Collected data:
★ ★ ★ ★ ★

(* Let $\mathbf{C}=\mathbf{C}_1\,\dot\cup\,\mathbf{C}_2$ and $\mathbf{B}=\mathbf{B}_+\,\dot\cup\,\mathbf{B}'\in\dot{\mathbb{P}}(\mathbb{L}(\mathbf{C}_1))$ with $|\mathbf{B}|=|\mathbf{C}_1|$. Suppose every literal in $\mathbf{B}_+$ and every variable in $\mathbf{C}_2$ has a positive monotonic effect on $D$ relative to $\mathbf{C}$, and $\mathbf{W}$ suffices to adjust for confounding of $\mathbf{C}$ on $D$. If for some $\mathbf{w}$ and some tree $\mathfrak{T}$ on $\mathbf{B}_+$ (all conditioning events having positive probability) $$E[D\mid\mathbf{B}=\mathbf{1},\mathbf{C}_2=\mathbf{0},\mathbf{W}=\mathbf{w}]-\sum_{L\in\mathbf{B}}E[D\mid\mathbf{B}\setminus\{L\}=\mathbf{1},L=0,\mathbf{C}_2=\mathbf{0},\mathbf{W}=\mathbf{w}]+\sum_{\mathbf{E}\in\mathfrak{T}}E[D\mid\mathbf{B}\setminus\mathbf{E}=\mathbf{1},\mathbf{E}=\mathbf{0},\mathbf{C}_2=\mathbf{0},\mathbf{W}=\mathbf{w}]>0,$$ then $\mathbf{B}$ is a minimal sufficient cause of $D$ relative to $\mathbf{C}$ for some $\omega\in\Omega$.
   Context: $\Omega$ is a population with a probability distribution; events are binary random variables; $\overline{X}=1-X$; $\mathbb{L}(\mathbf{C})=\mathbf{C}\cup\{\overline{X}:X\in\mathbf{C}\}$; $\dot{\mathbb{P}}(\mathbb{L}(\mathbf{C}))$ is the set of subsets of $\mathbb{L}(\mathbf{C})$ not containing both $X$ and $\overline{X}$; $(L)_{\mathbf{c}}$ is the value of literal $L$ under assignment $\mathbf{c}$; $\bigwedge(\mathbf{B})=\min_{L\in\mathbf{B}}L$. Potential outcomes $D_{\mathbf{c}}(\omega)\in\{0,1\}$; consistency $D(\omega)=D_{\mathbf{C}(\omega)}(\omega)$. Conditioning events such as $\{\mathbf{B}\setminus\mathbf{E}=\mathbf{1},\mathbf{E}=\mathbf{0}\}$ mean the literals in $\mathbf{E}$ are 0 and the other literals of $\mathbf{B}$ are 1. $\mathbf{W}$ suffices to adjust for confounding of $\mathbf{C}$ on $D$ if $D_{\mathbf{c}}$ is independent of $\mathbf{C}$ given $\mathbf{W}=\mathbf{w}$ for all $\mathbf{c},\mathbf{w}$. A literal $L$ (or variable, viewed as the literal $X$) has a positive monotonic effect on $D$ relative to $\mathbf{C}$ if for all $\omega$ and all assignments $\mathbf{c},\mathbf{c}'$ differing only in the variable underlying $L$ with $(L)_{\mathbf{c}}=1,(L)_{\mathbf{c}'}=0$, $D_{\mathbf{c}}(\omega)\ge D_{\mathbf{c}'}(\omega)$. A tree on a finite set $\mathbf{S}$ is a set $\mathfrak{T}$ of 2-element subsets of $\mathbf{S}$ with $|\mathfrak{T}|=|\mathbf{S}|-1$ connecting all elements (empty if $|\mathbf{S}|\le1$). $\mathbf{B}$ is a sufficient cause for $D$ relative to $\mathbf{C}$ for $\omega$ if some $\mathbf{c}^*$ has $(\bigwedge(\mathbf{B}))_{\mathbf{c}^*}=1$ and $D_{\mathbf{c}}(\omega)=1$ whenever $(\bigwedge(\mathbf{B}))_{\mathbf{c}}=1$; minimal if no proper subset is such a sufficient cause. *)

theory Defs
  imports "HOL-Probability.Probability"
begin
lemma gconnected_contract_nonloop:
  assumes "gconnected G"
  shows "gconnected (contract G i)"
  unfolding gconnected_def
proof (intro allI impI)
  let ?F = "merge_ends G i"
  have ends: "end1 G i < nV G" "end2 G i < nV G"
    using end1_less[OF bG iG] end2_less[OF bG iG] .
  have nv: "nV (contract G i) = nV G - 1"
    using nV_contract_nonloop[OF bG iG ne] .
  fix j
  assume "j < nV (contract G i)"
  then obtain x where x: "x < nV G" "?F x = j"
    using merge_map_surj[OF ends ne, of j] nv by auto
  obtain w where w: "w < nV G" "?F w = 0"
    using merge_map_surj[OF ends ne, of 0] ends ne nv by auto
  have to_x: "(?F 0, ?F x) \<in> (adj (contract G i))\<^sup>*"
    and to_w: "(?F 0, ?F w) \<in> (adj (contract G i))\<^sup>*"
    using assms x(1) w(1) by (auto simp: gconnected_def intro: rtrancl_adj_contract_nonloop[OF iG ne])
  have "(?F w, ?F 0) \<in> (adj (contract G i))\<^sup>*"
    using to_w by (rule rtrancl_adj_sym)
  then show "(0, j) \<in> (adj (contract G i))\<^sup>*"
    using rtrancl_trans[OF _ to_x] w(2) x(2) by simp
qed

lemma sum_list_wts_contract_nonloop: "sum_list (wts (contract G i)) = sum_list (wts G)"
proof -
  let ?F = "merge_ends G i" and ?n = "nV G"
  have "sum_list (wts (contract G i)) = (\<Sum>j<?n - 1. wt (contract G i) j)"
    using nV_contract_nonloop[OF bG iG ne]
    by (simp add: wt_def nV_def sum_list_sum_nth atLeast0LessThan)
  also have "\<dots> = (\<Sum>j\<in>?F ` {..<?n}. \<Sum>v\<in>{v\<in>{..<?n}. ?F v = j}. wt G v)"
    using merge_map_image[OF end1_less[OF bG iG] end2_less[OF bG iG] ne]
      wt_contract_nonloop[OF bG iG ne] by (intro sum.cong) auto
  also have "\<dots> = (\<Sum>v<?n. wt G v)"
    by (rule sum.image_gen[symmetric]) simp
  also have "\<dots> = sum_list (wts G)"
    by (simp add: wt_def nV_def sum_list_sum_nth atLeast0LessThan)
  finally show ?thesis .
qed

lemma stab_contract_nonloop_gt2:
  assumes "\<forall>v<nV G. 2 < stab G v" "j < nV (contract G i)"
  shows "2 < stab (contract G i) j"
proof -
  have ends: "end1 G i < nV G" "end2 G i < nV G"
    using end1_less[OF bG iG] end2_less[OF bG iG] .
  obtain x where "x < nV G" "merge_ends G i x = j"
    using merge_map_surj[OF ends ne, of j] assms(2) nV_contract_nonloop[OF bG iG ne] by auto
  then show ?thesis
    using stab_contract_nonloop_image[OF bG iG ne, of x] assms(1)[rule_format, of "end1 G i"]
      assms(1)[rule_format, of "end2 G i"] assms(1)[rule_format, of x] ends
    by (auto split: if_splits)
qed

end

lemma valid_contract_nonloop:
  assumes v: "valid g n G" and iG: "i < length (edgs G)" and ne: "end1 G i \<noteq> end2 G i"
  shows "valid g n (contract G i)"
proof -
  have bG: "bounded_graph G"
    using valid_bounded[OF v] .
  have "2 \<le> nV G"
    using end1_less[OF bG iG] end2_less[OF bG iG] ne by linarith
  then have "length (edgs (contract G i)) + 1 + sum_list (wts (contract G i)) = g + nV (contract G i)"
    using v iG length_edgs_contract[OF bG iG] nV_contract_nonloop[OF bG iG ne]
      sum_list_wts_contract_nonloop[OF bG iG ne] unfolding valid_def by linarith
  moreover have "\<forall>j<nV (contract G i). 2 < stab (contract G i) j"
    using stab_contract_nonloop_gt2[OF bG iG ne] valid_stab[OF v] by blast
  ultimately show ?thesis
    using v bounded_graph_contract_nonloop[OF bG iG ne] gconnected_contract_nonloop[OF bG iG ne]
      nV_contract_nonloop[OF bG iG ne] \<open>2 \<le> nV G\<close>
    by (auto simp: valid_def bounded_graph_def stab_def mks_contract)
qed

lemma bij_betw_merge_map:
  assumes ab: "a < n" "b < n" "a \<noteq> b" and m: "m \<in> {a, b}"
  shows "bij_betw (merge_map a b) ({..<n} - {m}) {..<n - 1}"
proof (rule bij_betw_imageI)
  show "inj_on (merge_map a b) ({..<n} - {m})"
    using m merge_map_eq_iff[OF ab(3)] by (auto simp: inj_on_def)
  let ?other = "if m = a then b else a"
  have other: "?other \<in> {..<n} - {m}" "merge_map a b ?other = merge_map a b m"
    using ab m merge_map_snd[of a b] by auto
  have "{..<n} = insert m ({..<n} - {m})"
    using ab m by auto
  moreover have "merge_map a b m \<in> merge_map a b ` ({..<n} - {m})"
    by (rule image_eqI[of _ "merge_map a b" ?other]) (use other in auto)
  ultimately have "merge_map a b ` {..<n} = merge_map a b ` ({..<n} - {m})"
    by (metis image_insert insert_absorb)
  then show "merge_map a b ` ({..<n} - {m}) = {..<n - 1}"
    using merge_map_image[OF ab] by simp
qed

lemma wt_contract_nonloop_other:
  assumes bG: "bounded_graph G" and iG: "i < length (edgs G)" and ne: "end1 G i \<noteq> end2 G i"
    and m: "m \<in> {end1 G i, end2 G i}" and w0: "wt G m = 0" and x: "x < nV G" "x \<noteq> m"
  shows "wt (contract G i) (merge_ends G i x) = wt G x"
proof -
  have ends: "end1 G i < nV G" "end2 G i < nV G"
    using end1_less[OF bG iG] end2_less[OF bG iG] .
  have "{v. v < nV G \<and> merge_ends G i v = merge_ends G i x}
      = (if x \<in> {end1 G i, end2 G i} then {x, m} else {x})"
    using merge_map_fiber[OF ends ne x(1)] m x(2) by auto
  then show ?thesis
    using wt_contract_nonloop[OF bG iG ne merge_map_less[OF ends ne x(1)]] x(2) w0 by simp
qed

lemma ends_subset:
  assumes "bounded_graph H" "k < length (edgs H)"
  shows "ends (edgs H ! k) \<subseteq> {..<nV H}"
  using assms nth_mem[of k "edgs H"] unfolding bounded_graph_def ends_def by auto

context
  fixes G :: lgraph and i x :: nat
  assumes bG: "bounded_graph G" and iG: "i < length (edgs G)" and x: "x < nV G"
begin

lemma stab_contract_vmap_eq:
  assumes "end1 G i = end2 G i \<or> x \<notin> {end1 G i, end2 G i}"
  shows "stab (contract G i) (contract_vmap G i x) = stab G x"
  using assms stab_contract_loop[OF bG iG _ x] stab_contract_nonloop_image[OF bG iG _ x]
  by (auto simp: contract_vmap_def)

lemma stab_contract_vmap_gt:
  assumes "end1 G i \<noteq> end2 G i" "x \<in> {end1 G i, end2 G i}" "\<forall>v<nV G. 2 < stab G v"
  shows "stab G x < stab (contract G i) (contract_vmap G i x)"
  using assms stab_contract_nonloop_image[OF bG iG assms(1) x] end1_less[OF bG iG] end2_less[OF bG iG]
  by (force simp: contract_vmap_def)

lemma stab_contract_vmap_ge:
  "\<forall>v<nV G. 2 < stab G v \<Longrightarrow> stab G x \<le> stab (contract G i) (contract_vmap G i x)"
  using stab_contract_vmap_eq stab_contract_vmap_gt by (metis order.order_iff_strict)

end

section \<open>Invariance under isomorphism\<close>

lemma length_filter_sum: "length (filter P xs) = (\<Sum>k<length xs. if P (xs ! k) then 1 else 0)"
proof -
  have "length (filter P xs) = card {k\<in>{..<length xs}. P (xs ! k)}"
    by (simp add: length_filter_conv_card lessThan_def)
  also have "\<dots> = (\<Sum>k<length xs. if P (xs ! k) then 1 else 0)"
    by (simp add: sum.If_cases Int_def)
  finally show ?thesis .
qed

definition incid :: "nat \<times> nat \<Rightarrow> nat \<Rightarrow> nat" where
  "incid e w = (if fst e = w then 1 else 0) + (if snd e = w then 1 else 0)"

lemma edge_val_eq_sum_incid: "edge_val G w = (\<Sum>k<length (edgs G). incid (edgs G ! k) w)"
  by (simp add: edge_val_def length_filter_sum incid_def sum.distrib)

lemma mark_val_eq_sum: "mark_val G w = (\<Sum>k<length (mks G). if mks G ! k = w then 1 else 0)"
  by (simp add: mark_val_def length_filter_sum)

text \<open>\<open>3 - card (ends e)\<close> is \<open>2\<close> for a loop and \<open>1\<close> otherwise.\<close>
lemma incid_eq: "incid e w = (if w \<in> ends e then 3 - card (ends e) else 0)"
  by (cases e) (auto simp: incid_def ends_def)

lemma incid_eq_1: "incid e m = 1 \<Longrightarrow> fst e \<noteq> snd e \<and> m \<in> {fst e, snd e}"
  unfolding incid_def by (cases "fst e = m"; cases "snd e = m") simp_all

lemma incid_eq_0: "incid e m = 0 \<Longrightarrow> m \<notin> ends e"
  unfolding incid_def ends_def by (cases "fst e = m"; cases "snd e = m") simp_all

lemma incid_image:
  assumes "inj_on p N" "ends e \<subseteq> N" "v \<in> N" "ends e' = p ` ends e"
  shows "incid e' (p v) = incid e v"
proof -
  have "p v \<in> p ` ends e \<longleftrightarrow> v \<in> ends e" using assms by (meson inj_on_image_mem_iff)
  moreover have "card (p ` ends e) = card (ends e)" using assms by (meson card_image inj_on_subset)
  ultimately show ?thesis using assms(4) by (simp add: incid_eq)
qed

lemma edge_val_iso:
  assumes iso: "iso G G' p s" and bG: "bounded_graph G" and v: "v < nV G"
  shows "edge_val G' (p v) = edge_val G v"
proof -
  let ?m = "length (edgs G)"
  have inj: "inj_on p {..<nV G}" and sp: "s permutes {..<?m}" and len: "length (edgs G') = ?m"
    and ends: "\<And>k. k < ?m \<Longrightarrow> ends (edgs G' ! s k) = p ` ends (edgs G ! k)"
    using iso unfolding iso_def by (auto intro: bij_betw_imp_inj_on)
  have "edge_val G' (p v) = (\<Sum>k<?m. incid (edgs G' ! k) (p v))"
    by (simp add: edge_val_eq_sum_incid len)
  also have "\<dots> = (\<Sum>k<?m. incid (edgs G' ! s k) (p v))"
    using sum.reindex_bij_betw[OF permutes_imp_bij[OF sp], of "\<lambda>k. incid (edgs G' ! k) (p v)"] by simp
  also have "\<dots> = (\<Sum>k<?m. incid (edgs G ! k) v)"
  proof (rule sum.cong[OF refl])
    fix k
    assume k: "k \<in> {..<?m}"
    have "ends (edgs G ! k) \<subseteq> {..<nV G}"
      using bG nth_mem[of k "edgs G"] k unfolding bounded_graph_def ends_def by auto
    then show "incid (edgs G' ! s k) (p v) = incid (edgs G ! k) v"
      using incid_image[OF inj _ _ ends] k v by auto
  qed
  also have "\<dots> = edge_val G v"
    by (simp add: edge_val_eq_sum_incid)
  finally show ?thesis .
qed

lemma mark_val_iso:
  assumes iso: "iso G G' p s" and bG: "bounded_graph G" and v: "v < nV G"
  shows "mark_val G' (p v) = mark_val G v"
proof -
  have inj: "inj_on p {..<nV G}" and mk: "\<And>k. k < length (mks G) \<Longrightarrow> mks G' ! k = p (mks G ! k)"
    and lm: "length (mks G') = length (mks G)"
    using iso unfolding iso_def by (auto intro: bij_betw_imp_inj_on)
  have "mark_val G' (p v) = (\<Sum>k<length (mks G). if p (mks G ! k) = p v then 1 else 0)"
    by (simp add: mark_val_eq_sum lm mk)
  also have "\<dots> = (\<Sum>k<length (mks G). if mks G ! k = v then 1 else 0)"
  proof (rule sum.cong[OF refl])
    fix k
    assume "k \<in> {..<length (mks G)}"
    then have "mks G ! k < nV G"
      using bG nth_mem[of k "mks G"] unfolding bounded_graph_def by auto
    then show "(if p (mks G ! k) = p v then 1 else 0) = (if mks G ! k = v then 1 else (0::nat))"
      using inj v by (auto dest: inj_onD)
  qed
  also have "\<dots> = mark_val G v"
    by (simp add: mark_val_eq_sum)
  finally show ?thesis .
qed

lemma val_iso: "iso G G' p s \<Longrightarrow> bounded_graph G \<Longrightarrow> v < nV G \<Longrightarrow> val G' (p v) = val G v"
  by (simp add: val_eq_edge_mark edge_val_iso mark_val_iso)

lemma chi_iso:
  assumes "iso G G' p s" "bounded_graph G" "v < nV G"
  shows "chi G' (p v) = chi G v"
  using val_iso[OF assms] assms(1,3) by (simp add: chi_def iso_def)
(* Let $\mathcal X\subseteq\mathcal G$ be a class of objects. Let $\mathrm{Filt}(\mathcal X)$ be the class of all $M\in\mathcal G$ admitting a chain $0=M_0\subseteq M_1\subseteq\cdots\subseteq M_k=M$ in which every $M_i$ is a strict subobject of $M$ and every quotient $M_i/M_{i-1}$ ($1\le i\le k$) is a strict quotient of some object of $\mathcal X$. Then $\mathrm{Filt}(\mathcal X)$ is a pseudo-torsion class, and it is contained in every pseudo-torsion class that contains $\mathcal X$; i.e. it is the smallest pseudo-torsion class containing $\mathcal X$.
   Context: Let $\Lambda$ be a finite dimensional algebra over a field and $\mathrm{mod}\text-\Lambda$ the category of finitely generated right $\Lambda$-modules. Fix a torsion class $\mathcal G\subseteq\mathrm{mod}\text-\Lambda$, i.e. a class of modules closed under isomorphisms, extensions and quotients. For $B\in\mathcal G$, a subobject of $B$ is a submodule of $B$ that lies in $\mathcal G$. A subobject $A\subseteq B$ is a strict subobject if $A\cap B'\in\mathcal G$ for every subobject $B'$ of $B$. A strict quotient of $B$ is $B/A$ with $A$ a strict subobject. A short exact sequence $0\to A\to B\to C\to0$ with $A,B,C\in\mathcal G$ is strict exact (and $B$ a strict extension of $A$ by $C$) if the image of $A$ is a strict subobject of $B$. A pseudo-torsion class is a nonempty class $\mathcal P\subseteq\mathcal G$ closed under strict quotients (if $A\in\mathcal P$ then every strict quotient of $A$ is in $\mathcal P$) and strict extensions (if $0\to A\to B\to C\to0$ is strict exact with $A,C\in\mathcal P$ then $B\in\mathcal P$). *)

theory Defs
  imports Main
begin
(* Consider the discrete-time system with sensor and actuator attacks described in the context. Let $q_1,q_2$ be the largest integers such that for every $J_u\subset\{1,\dots,n_u\}$ with $\card(J_u)\le 2q_1<n_u$ and every $J_s\subset\{1,\dots,n_y\}$ with $\card(J_s)\ge n_y-2q_2>0$ a partial UIO for the pair $(J_u,J_s)$ exists, and suppose $\card(W_u)\le q_1<\frac{n_u}{2}$ and $\card(W_y)\le q_2<\frac{n_y}{2}$. Run a partial UIO $\hat x_{J_{us}}$ for each pair $(J_u,J_s)$ with $\card(J_u)=q_1$, $\card(J_s)=n_y-q_2$, and a partial UIO $\hat x_{S_{us}}$ for each pair $(S_u,S_s)$ with $\card(S_u)=2q_1$, $\card(S_s)=n_y-2q_2$. For $k\ge0$ and each such $(J_u,J_s)$ define $$\pi_{J_{us}}(k)=\max_{S_u\supset J_u,\ \card(S_u)=2q_1;\ S_s\subset J_s,\ \card(S_s)=n_y-2q_2}|\hat x_{J_{us}}(k)-\hat x_{S_{us}}(k)|,$$ let $(\sigma_u(k),\sigma_s(k))$ be a minimizer of $\pi_{J_{us}}(k)$ over all pairs $(J_u,J_s)$ with $\card(J_u)=q_1$, $\card(J_s)=n_y-q_2$, and set $\hat x(k)=\hat x_{\sigma_{us}(k)}(k)$, the estimate of the partial UIO indexed by $(\sigma_u(k),\sigma_s(k))$. Define $e(k)=\hat x_{\sigma_{us}(k)}(k)-x(k)$. Then there exists a class-$\mathcal{KL}$ function $\bar\beta$ such that $$|e(k)|\le\bar\beta(e_0,k)\quad\text{for all }k\ge0,\qquad e_0:=\max_{(J_u,J_s),(S_u,S_s)}\{|e_{J_{us}}(0)|,|e_{S_{us}}(0)|\},$$ the maximum being over all pairs of the two kinds above, with $e_{J_{us}}=\hat x_{J_{us}}-x$, $e_{S_{us}}=\hat x_{S_{us}}-x$.
   Context: System: $x(k+1)=f(x(k))+B(u(k)+a_u(k))$, $y(k)=h(x(k))+a_y(k)$, $k\in\mathbb{N}$, with state $x\in\mathbb{R}^n$, known input $u\in\mathbb{R}^{n_u}$, actuator attack $a_u=(a_{u1},\dots,a_{un_u})^\top$, output $y\in\mathbb{R}^{n_y}$, sensor attack $a_y=(a_{y1},\dots,a_{yn_y})^\top$ (attacks may be arbitrarily large), $f:\mathbb{R}^n\to\mathbb{R}^n$, $h:\mathbb{R}^n\to\mathbb{R}^{n_y}$, $B=[b_1,\dots,b_{n_u}]\in\mathbb{R}^{n\times n_u}$ of full column rank. Attacked sets: $W_u=\{i:a_{ui}(k)\ne0\text{ for some }k\ge0\}$, $W_y=\{i:a_{yi}(k)\ne0\text{ for some }k\ge0\}$ (unknown, time-invariant), so $\supp(a_u(k))\subseteq W_u$, $\supp(a_y(k))\subseteq W_y$ for all $k$. For index sets $J$, $y^J,a_y^J,a_u^J$ denote subvectors indexed by $J$ and $b_J$ the matrix with columns $b_i$, $i\in J$. A partial UIO for the pair $(J_u,J_s)$ (an unknown input observer for $x(k+1)=f(x)+Bu+b_{J_u}a_u^{J_u}$, $y^{J_s}=h^{J_s}(x)+a_y^{J_s}$ with unknown input $a_u^{J_u}$) is a system $\hat x_{J_{us}}(k+1)=f_{J_{us}}(\hat x_{J_{us}}(k),u(k),y^{J_s}(k),y^{J_s}(k+1))$, $f_{J_{us}}:\mathbb{R}^n\times\mathbb{R}^{n_u}\times\mathbb{R}^{\card(J_s)}\times\mathbb{R}^{\card(J_s)}\to\mathbb{R}^n$, such that, with $e_{J_{us}}=\hat x_{J_{us}}-x$, there is a class-$\mathcal{KL}$ function $\beta_{J_{us}}$ with $|e_{J_{us}}(k)|\le\beta_{J_{us}}(|e_{J_{us}}(0)|,k)$ for all $k\ge0$, for all initial conditions $x(0),\hat x_{J_{us}}(0)$ and known inputs, whenever $W_u\subseteq J_u$ and $a_y^{J_s}(k)=0$ for all $k\ge0$. $|\cdot|$ is the Euclidean norm. *)

theory Defs
  imports "HOL-Analysis.Analysis"
begin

★ ★ ★ ★ ★

Work required: Lines with the word "where" in them are the answer; report each one from the data.

Task answer:
  then obtain x where x: "x < nV G" "?F x = j"
  obtain w where w: "w < nV G" "?F w = 0"
  obtain x where "x < nV G" "merge_ends G i x = j"
definition incid :: "nat \<times> nat \<Rightarrow> nat \<Rightarrow> nat" where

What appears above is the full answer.